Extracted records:
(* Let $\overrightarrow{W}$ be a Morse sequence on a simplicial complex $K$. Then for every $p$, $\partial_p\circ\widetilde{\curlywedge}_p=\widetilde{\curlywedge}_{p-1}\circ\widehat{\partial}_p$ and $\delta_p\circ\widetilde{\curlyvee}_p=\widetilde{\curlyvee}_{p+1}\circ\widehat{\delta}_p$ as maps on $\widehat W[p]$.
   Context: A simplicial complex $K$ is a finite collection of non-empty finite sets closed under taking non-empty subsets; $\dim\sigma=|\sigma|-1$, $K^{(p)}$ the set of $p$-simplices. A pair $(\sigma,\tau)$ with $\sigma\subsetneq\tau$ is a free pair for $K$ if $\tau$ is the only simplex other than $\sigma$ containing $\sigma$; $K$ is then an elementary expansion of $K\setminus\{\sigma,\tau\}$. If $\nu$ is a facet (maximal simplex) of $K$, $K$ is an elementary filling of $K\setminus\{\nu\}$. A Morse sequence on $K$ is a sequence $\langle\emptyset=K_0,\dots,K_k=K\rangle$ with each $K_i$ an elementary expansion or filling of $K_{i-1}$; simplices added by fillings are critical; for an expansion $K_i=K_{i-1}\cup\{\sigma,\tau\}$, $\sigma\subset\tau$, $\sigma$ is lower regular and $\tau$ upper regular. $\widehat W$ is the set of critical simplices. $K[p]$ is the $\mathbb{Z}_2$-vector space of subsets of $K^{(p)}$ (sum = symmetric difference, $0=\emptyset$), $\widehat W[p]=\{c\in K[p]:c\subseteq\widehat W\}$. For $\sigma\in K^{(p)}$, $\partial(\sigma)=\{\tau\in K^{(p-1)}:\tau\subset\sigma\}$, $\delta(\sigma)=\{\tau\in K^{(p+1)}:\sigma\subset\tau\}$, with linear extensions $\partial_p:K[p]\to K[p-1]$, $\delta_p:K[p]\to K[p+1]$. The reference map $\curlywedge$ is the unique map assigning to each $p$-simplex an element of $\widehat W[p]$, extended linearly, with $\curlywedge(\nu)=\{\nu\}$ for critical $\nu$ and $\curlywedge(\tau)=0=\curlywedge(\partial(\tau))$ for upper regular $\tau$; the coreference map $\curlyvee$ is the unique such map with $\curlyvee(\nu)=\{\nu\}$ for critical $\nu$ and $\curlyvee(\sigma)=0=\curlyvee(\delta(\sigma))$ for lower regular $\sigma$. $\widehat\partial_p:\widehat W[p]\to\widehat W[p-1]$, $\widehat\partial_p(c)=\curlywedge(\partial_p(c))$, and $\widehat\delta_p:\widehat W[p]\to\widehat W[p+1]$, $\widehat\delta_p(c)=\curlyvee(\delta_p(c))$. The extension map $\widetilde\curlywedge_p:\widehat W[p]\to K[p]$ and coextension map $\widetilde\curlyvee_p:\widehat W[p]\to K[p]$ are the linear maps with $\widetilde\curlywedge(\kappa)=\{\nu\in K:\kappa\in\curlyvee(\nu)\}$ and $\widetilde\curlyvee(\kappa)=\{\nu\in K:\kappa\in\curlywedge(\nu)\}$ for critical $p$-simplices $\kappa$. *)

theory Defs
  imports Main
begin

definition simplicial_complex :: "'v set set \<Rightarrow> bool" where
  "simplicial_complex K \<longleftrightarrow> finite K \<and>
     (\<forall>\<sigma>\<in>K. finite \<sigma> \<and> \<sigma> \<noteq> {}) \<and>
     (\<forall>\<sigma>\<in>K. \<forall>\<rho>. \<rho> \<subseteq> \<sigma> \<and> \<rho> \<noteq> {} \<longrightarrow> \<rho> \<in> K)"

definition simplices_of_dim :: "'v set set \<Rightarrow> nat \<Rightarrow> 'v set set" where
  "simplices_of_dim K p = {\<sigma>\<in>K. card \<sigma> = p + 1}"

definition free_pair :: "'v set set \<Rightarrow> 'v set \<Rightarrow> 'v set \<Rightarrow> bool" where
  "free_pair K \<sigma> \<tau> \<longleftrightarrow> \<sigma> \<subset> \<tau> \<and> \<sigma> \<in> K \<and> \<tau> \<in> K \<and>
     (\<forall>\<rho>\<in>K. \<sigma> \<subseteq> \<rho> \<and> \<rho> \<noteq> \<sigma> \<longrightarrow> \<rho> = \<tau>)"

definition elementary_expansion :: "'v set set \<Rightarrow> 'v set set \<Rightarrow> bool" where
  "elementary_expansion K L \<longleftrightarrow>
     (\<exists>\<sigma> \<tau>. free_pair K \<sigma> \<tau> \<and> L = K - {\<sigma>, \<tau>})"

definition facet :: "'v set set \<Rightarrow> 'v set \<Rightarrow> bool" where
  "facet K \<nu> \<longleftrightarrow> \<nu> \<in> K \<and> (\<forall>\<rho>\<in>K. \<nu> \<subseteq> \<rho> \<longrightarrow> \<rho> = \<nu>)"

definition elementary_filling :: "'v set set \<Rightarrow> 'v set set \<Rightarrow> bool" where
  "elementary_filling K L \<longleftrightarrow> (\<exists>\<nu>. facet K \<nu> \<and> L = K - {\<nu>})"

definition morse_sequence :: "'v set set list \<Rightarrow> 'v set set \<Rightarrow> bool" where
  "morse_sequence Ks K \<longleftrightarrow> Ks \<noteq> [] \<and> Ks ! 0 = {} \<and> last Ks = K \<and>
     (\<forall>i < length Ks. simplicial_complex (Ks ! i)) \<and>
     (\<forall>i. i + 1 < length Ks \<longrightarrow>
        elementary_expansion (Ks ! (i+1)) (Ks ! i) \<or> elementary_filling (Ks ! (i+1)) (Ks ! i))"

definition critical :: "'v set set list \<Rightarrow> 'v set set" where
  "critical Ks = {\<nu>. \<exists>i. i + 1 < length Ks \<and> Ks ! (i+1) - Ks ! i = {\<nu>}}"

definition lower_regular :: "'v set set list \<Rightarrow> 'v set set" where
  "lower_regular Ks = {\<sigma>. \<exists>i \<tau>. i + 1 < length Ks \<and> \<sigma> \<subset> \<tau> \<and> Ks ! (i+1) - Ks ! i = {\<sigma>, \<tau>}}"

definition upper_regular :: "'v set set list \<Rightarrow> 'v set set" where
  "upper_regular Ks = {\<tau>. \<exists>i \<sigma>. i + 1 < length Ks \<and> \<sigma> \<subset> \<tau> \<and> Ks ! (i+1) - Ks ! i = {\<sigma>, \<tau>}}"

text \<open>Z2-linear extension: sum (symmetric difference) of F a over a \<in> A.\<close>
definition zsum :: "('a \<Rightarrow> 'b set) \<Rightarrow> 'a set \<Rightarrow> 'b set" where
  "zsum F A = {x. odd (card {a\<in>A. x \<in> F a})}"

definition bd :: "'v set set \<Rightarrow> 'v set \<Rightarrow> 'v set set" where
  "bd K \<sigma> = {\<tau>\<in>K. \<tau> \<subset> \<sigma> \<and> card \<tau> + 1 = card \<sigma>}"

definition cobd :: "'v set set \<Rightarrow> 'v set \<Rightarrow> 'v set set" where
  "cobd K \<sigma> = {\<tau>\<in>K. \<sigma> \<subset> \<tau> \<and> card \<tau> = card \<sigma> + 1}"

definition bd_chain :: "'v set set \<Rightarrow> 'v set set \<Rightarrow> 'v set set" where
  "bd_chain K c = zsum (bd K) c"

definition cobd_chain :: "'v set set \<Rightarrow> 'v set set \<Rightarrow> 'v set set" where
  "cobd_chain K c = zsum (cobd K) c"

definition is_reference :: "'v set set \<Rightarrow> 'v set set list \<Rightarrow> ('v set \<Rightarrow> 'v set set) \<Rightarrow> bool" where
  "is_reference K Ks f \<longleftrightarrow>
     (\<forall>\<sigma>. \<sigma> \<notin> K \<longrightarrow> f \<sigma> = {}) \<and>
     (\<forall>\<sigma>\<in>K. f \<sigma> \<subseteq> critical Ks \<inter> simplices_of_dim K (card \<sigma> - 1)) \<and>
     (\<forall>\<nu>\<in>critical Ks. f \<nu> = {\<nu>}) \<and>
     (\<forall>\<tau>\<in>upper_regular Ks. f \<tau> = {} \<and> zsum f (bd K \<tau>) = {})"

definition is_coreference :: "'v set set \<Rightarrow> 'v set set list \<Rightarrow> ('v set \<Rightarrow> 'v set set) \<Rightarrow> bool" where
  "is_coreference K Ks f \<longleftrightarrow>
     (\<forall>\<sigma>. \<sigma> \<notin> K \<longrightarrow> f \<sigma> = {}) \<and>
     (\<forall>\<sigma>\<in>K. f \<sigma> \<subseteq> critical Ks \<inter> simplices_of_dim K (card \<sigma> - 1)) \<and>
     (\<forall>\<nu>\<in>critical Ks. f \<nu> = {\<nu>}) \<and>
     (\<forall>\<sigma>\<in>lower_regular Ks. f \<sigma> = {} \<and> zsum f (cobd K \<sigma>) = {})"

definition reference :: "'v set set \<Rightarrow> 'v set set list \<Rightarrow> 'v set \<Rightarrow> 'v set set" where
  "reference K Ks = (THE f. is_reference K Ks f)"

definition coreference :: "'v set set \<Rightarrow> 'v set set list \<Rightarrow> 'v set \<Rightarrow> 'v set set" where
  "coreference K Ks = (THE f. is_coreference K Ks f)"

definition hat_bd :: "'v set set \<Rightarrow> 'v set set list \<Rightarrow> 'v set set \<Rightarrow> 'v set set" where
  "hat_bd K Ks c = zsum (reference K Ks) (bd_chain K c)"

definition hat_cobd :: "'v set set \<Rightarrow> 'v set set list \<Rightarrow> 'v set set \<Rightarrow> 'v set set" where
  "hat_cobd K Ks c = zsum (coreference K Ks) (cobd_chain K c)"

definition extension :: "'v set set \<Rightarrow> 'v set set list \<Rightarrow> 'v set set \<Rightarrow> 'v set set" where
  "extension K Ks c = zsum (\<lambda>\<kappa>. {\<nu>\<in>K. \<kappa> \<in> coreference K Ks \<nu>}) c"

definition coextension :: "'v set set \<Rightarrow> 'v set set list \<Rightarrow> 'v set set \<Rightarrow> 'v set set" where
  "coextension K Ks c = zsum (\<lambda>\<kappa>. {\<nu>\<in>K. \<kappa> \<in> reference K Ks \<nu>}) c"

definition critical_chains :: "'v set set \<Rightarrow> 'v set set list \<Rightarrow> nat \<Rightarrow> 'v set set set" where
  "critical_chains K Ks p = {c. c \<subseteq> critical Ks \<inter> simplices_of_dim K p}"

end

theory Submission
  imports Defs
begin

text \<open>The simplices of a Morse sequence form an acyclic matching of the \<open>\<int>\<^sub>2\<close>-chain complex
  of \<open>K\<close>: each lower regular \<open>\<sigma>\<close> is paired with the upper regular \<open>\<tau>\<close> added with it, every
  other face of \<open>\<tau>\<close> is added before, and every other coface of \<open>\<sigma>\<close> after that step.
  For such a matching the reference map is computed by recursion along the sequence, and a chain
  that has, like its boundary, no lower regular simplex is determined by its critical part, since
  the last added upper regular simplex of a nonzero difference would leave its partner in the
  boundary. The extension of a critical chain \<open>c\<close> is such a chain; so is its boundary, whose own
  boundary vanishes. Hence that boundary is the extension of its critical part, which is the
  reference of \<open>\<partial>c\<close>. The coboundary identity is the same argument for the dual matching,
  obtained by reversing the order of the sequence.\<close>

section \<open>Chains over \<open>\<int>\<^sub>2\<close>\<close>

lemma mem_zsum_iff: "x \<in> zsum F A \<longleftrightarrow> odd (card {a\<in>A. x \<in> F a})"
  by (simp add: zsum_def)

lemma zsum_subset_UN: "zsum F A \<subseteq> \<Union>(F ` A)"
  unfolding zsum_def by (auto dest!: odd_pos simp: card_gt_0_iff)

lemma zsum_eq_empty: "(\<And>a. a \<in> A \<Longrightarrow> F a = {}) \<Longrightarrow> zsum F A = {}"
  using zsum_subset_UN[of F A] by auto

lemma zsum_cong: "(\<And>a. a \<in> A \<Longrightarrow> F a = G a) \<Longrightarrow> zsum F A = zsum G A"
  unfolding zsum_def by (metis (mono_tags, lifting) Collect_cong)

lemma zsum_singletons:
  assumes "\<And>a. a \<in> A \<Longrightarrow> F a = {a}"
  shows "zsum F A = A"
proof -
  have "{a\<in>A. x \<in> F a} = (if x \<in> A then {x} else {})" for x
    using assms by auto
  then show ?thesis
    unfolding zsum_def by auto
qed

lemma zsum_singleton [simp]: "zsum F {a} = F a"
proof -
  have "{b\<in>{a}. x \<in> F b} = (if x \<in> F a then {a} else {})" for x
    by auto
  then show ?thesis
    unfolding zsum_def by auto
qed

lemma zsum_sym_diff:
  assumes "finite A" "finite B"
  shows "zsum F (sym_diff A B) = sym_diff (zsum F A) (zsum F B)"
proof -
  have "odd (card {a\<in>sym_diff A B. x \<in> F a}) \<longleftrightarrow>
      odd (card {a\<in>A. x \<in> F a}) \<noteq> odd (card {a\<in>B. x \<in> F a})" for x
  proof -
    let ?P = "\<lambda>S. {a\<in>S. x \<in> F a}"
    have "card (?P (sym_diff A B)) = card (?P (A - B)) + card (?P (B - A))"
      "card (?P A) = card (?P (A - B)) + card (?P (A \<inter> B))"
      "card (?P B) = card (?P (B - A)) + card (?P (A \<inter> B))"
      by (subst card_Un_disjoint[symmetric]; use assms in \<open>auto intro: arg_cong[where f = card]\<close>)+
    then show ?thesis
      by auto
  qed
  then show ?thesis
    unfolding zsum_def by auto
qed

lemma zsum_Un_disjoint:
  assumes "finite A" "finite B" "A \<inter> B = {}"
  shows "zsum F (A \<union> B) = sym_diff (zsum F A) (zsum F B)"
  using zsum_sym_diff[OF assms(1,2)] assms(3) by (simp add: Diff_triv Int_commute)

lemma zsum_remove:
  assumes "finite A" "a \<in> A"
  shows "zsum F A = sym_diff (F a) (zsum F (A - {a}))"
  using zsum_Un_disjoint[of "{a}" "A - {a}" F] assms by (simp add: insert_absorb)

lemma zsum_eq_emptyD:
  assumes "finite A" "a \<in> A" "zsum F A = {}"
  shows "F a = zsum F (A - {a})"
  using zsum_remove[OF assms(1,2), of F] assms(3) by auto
...
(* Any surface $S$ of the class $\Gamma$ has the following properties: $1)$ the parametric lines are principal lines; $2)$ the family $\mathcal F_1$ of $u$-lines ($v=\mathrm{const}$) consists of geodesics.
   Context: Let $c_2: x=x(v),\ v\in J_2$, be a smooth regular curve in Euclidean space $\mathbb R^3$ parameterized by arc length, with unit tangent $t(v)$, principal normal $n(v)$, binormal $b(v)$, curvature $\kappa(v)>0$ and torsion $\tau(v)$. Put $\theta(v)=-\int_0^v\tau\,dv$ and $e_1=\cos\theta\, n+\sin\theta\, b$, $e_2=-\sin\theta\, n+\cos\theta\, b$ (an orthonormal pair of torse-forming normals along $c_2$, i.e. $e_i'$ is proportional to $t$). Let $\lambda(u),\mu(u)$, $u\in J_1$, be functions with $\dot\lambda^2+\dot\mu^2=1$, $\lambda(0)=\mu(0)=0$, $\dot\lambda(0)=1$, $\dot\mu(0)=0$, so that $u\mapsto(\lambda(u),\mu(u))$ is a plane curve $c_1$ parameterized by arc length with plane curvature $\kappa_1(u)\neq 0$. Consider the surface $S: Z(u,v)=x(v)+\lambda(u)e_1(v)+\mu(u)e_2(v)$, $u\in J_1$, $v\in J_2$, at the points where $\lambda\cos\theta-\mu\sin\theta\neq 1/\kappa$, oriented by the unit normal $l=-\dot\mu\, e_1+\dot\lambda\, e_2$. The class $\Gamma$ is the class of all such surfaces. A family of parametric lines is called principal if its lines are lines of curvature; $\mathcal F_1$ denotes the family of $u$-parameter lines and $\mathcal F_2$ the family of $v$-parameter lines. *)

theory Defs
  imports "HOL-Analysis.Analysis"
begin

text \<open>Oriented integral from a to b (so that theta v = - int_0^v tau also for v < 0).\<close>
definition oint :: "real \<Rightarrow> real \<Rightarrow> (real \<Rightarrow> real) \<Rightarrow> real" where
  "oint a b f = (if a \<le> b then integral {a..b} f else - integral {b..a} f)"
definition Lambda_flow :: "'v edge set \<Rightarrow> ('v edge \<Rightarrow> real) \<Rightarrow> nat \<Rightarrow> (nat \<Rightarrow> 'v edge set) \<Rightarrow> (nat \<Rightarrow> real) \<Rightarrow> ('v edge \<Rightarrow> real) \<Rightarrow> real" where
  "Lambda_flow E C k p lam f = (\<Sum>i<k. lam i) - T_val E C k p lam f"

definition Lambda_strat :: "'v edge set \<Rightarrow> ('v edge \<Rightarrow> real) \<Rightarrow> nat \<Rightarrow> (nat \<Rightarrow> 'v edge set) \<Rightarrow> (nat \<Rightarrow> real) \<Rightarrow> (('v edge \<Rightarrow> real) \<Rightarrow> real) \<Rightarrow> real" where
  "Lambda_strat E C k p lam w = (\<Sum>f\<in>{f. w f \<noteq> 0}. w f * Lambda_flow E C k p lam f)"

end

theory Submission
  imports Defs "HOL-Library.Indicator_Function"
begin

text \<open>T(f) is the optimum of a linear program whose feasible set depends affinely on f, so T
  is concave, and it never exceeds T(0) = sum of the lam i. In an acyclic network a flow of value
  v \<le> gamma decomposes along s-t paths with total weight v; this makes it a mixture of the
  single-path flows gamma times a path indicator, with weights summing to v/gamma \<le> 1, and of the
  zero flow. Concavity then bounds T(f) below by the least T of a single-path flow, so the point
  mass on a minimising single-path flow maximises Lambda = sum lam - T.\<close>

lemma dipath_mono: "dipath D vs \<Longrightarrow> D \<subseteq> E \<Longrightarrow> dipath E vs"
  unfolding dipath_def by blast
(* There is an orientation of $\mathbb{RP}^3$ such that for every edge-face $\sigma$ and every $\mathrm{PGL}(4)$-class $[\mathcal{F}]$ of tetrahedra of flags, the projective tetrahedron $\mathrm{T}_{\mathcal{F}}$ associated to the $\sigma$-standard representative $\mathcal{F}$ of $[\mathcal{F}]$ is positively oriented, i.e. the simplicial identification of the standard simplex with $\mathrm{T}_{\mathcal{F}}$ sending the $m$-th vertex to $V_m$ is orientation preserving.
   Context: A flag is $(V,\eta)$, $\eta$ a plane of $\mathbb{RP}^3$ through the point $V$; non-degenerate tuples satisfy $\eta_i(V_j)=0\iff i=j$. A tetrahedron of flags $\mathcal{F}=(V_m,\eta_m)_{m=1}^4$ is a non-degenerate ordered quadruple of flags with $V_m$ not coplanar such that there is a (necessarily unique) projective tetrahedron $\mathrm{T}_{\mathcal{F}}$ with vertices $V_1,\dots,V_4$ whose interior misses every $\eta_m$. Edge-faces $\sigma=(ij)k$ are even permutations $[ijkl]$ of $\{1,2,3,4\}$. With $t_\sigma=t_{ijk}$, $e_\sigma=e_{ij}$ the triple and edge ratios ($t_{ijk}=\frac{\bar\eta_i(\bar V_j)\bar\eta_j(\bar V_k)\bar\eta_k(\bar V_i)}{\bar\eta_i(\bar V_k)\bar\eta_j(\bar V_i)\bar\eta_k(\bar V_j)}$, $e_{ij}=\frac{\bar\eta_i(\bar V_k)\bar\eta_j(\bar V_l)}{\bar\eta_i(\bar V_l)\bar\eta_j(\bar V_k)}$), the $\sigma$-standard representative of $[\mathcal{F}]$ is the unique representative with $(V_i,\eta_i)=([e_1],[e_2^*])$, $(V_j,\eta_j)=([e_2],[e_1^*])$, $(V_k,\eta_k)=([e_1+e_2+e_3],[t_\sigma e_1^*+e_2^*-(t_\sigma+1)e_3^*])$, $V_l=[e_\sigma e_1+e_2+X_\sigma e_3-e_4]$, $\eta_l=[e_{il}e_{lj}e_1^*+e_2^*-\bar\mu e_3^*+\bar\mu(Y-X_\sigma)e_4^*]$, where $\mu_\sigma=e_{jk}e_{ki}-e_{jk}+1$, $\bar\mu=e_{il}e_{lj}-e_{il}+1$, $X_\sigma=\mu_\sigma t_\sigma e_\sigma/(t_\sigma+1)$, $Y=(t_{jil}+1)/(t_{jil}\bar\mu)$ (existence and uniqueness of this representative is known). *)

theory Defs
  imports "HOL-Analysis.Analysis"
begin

Brief — Where in the records above does the word "using" appear? Copy each line that holds it.

Output for this task —
  using zsum_subset_UN[of F A] by auto
    using assms by auto
  using zsum_sym_diff[OF assms(1,2)] assms(3) by (simp add: Diff_triv Int_commute)
  using zsum_Un_disjoint[of "{a}" "A - {a}" F] assms by (simp add: insert_absorb)
  using zsum_remove[OF assms(1,2), of F] assms(3) by auto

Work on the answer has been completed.